Top of Provided entries

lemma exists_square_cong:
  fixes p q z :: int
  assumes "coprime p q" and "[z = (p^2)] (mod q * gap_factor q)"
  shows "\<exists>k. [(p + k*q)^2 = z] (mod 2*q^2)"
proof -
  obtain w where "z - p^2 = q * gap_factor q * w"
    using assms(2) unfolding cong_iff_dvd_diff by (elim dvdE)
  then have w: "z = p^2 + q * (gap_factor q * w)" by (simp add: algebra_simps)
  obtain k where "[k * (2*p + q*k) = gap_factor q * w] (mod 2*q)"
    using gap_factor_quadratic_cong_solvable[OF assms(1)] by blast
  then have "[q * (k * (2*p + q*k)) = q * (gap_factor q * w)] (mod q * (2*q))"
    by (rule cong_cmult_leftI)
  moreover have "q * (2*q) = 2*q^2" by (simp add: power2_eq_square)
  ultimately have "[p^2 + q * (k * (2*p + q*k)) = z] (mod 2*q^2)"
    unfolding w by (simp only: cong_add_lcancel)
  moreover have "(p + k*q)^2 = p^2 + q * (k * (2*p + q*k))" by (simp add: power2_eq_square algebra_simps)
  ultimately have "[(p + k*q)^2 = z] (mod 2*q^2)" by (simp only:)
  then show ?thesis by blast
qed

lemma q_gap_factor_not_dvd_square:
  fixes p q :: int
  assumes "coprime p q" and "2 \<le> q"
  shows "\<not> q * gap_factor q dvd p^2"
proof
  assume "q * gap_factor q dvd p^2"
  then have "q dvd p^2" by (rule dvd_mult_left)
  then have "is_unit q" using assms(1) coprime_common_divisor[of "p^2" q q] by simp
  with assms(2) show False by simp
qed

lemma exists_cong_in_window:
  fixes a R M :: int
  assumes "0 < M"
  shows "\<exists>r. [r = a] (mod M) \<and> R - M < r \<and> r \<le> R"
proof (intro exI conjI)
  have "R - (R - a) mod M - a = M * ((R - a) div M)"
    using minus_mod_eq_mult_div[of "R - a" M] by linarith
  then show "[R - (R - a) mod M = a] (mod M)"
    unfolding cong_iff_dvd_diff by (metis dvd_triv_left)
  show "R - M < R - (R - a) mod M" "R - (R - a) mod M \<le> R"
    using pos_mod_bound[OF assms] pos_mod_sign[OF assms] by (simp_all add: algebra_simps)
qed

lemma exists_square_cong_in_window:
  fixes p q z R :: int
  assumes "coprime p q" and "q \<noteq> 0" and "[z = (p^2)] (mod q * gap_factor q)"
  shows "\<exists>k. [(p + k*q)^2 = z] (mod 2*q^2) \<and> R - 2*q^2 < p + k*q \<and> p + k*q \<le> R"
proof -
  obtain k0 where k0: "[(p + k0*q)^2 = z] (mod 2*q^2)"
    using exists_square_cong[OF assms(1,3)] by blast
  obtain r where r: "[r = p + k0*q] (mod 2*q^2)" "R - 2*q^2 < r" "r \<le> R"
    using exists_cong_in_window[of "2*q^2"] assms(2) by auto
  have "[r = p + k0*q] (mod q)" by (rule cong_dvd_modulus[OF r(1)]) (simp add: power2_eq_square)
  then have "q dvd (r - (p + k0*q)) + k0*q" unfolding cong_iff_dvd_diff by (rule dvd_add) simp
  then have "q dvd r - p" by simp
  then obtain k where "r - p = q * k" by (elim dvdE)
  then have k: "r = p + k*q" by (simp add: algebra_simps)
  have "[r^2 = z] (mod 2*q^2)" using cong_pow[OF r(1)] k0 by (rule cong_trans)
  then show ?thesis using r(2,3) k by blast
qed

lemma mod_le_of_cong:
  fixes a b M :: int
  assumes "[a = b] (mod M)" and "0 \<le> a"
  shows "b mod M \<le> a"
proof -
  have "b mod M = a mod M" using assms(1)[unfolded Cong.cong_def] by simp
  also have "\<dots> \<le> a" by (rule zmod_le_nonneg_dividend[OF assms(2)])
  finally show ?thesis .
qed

Bottom of Provided entries

▶ Work task
Return each line of the listing that holds the string "obtain".

▶ Task response
  obtain w where "z - p^2 = q * gap_factor q * w"
  obtain k where "[k * (2*p + q*k) = gap_factor q * w] (mod 2*q)"
  obtain k0 where k0: "[(p + k0*q)^2 = z] (mod 2*q^2)"
  obtain r where r: "[r = p + k0*q] (mod 2*q^2)" "R - 2*q^2 < r" "r \<le> R"
  then obtain k where "r - p = q * k" by (elim dvdE)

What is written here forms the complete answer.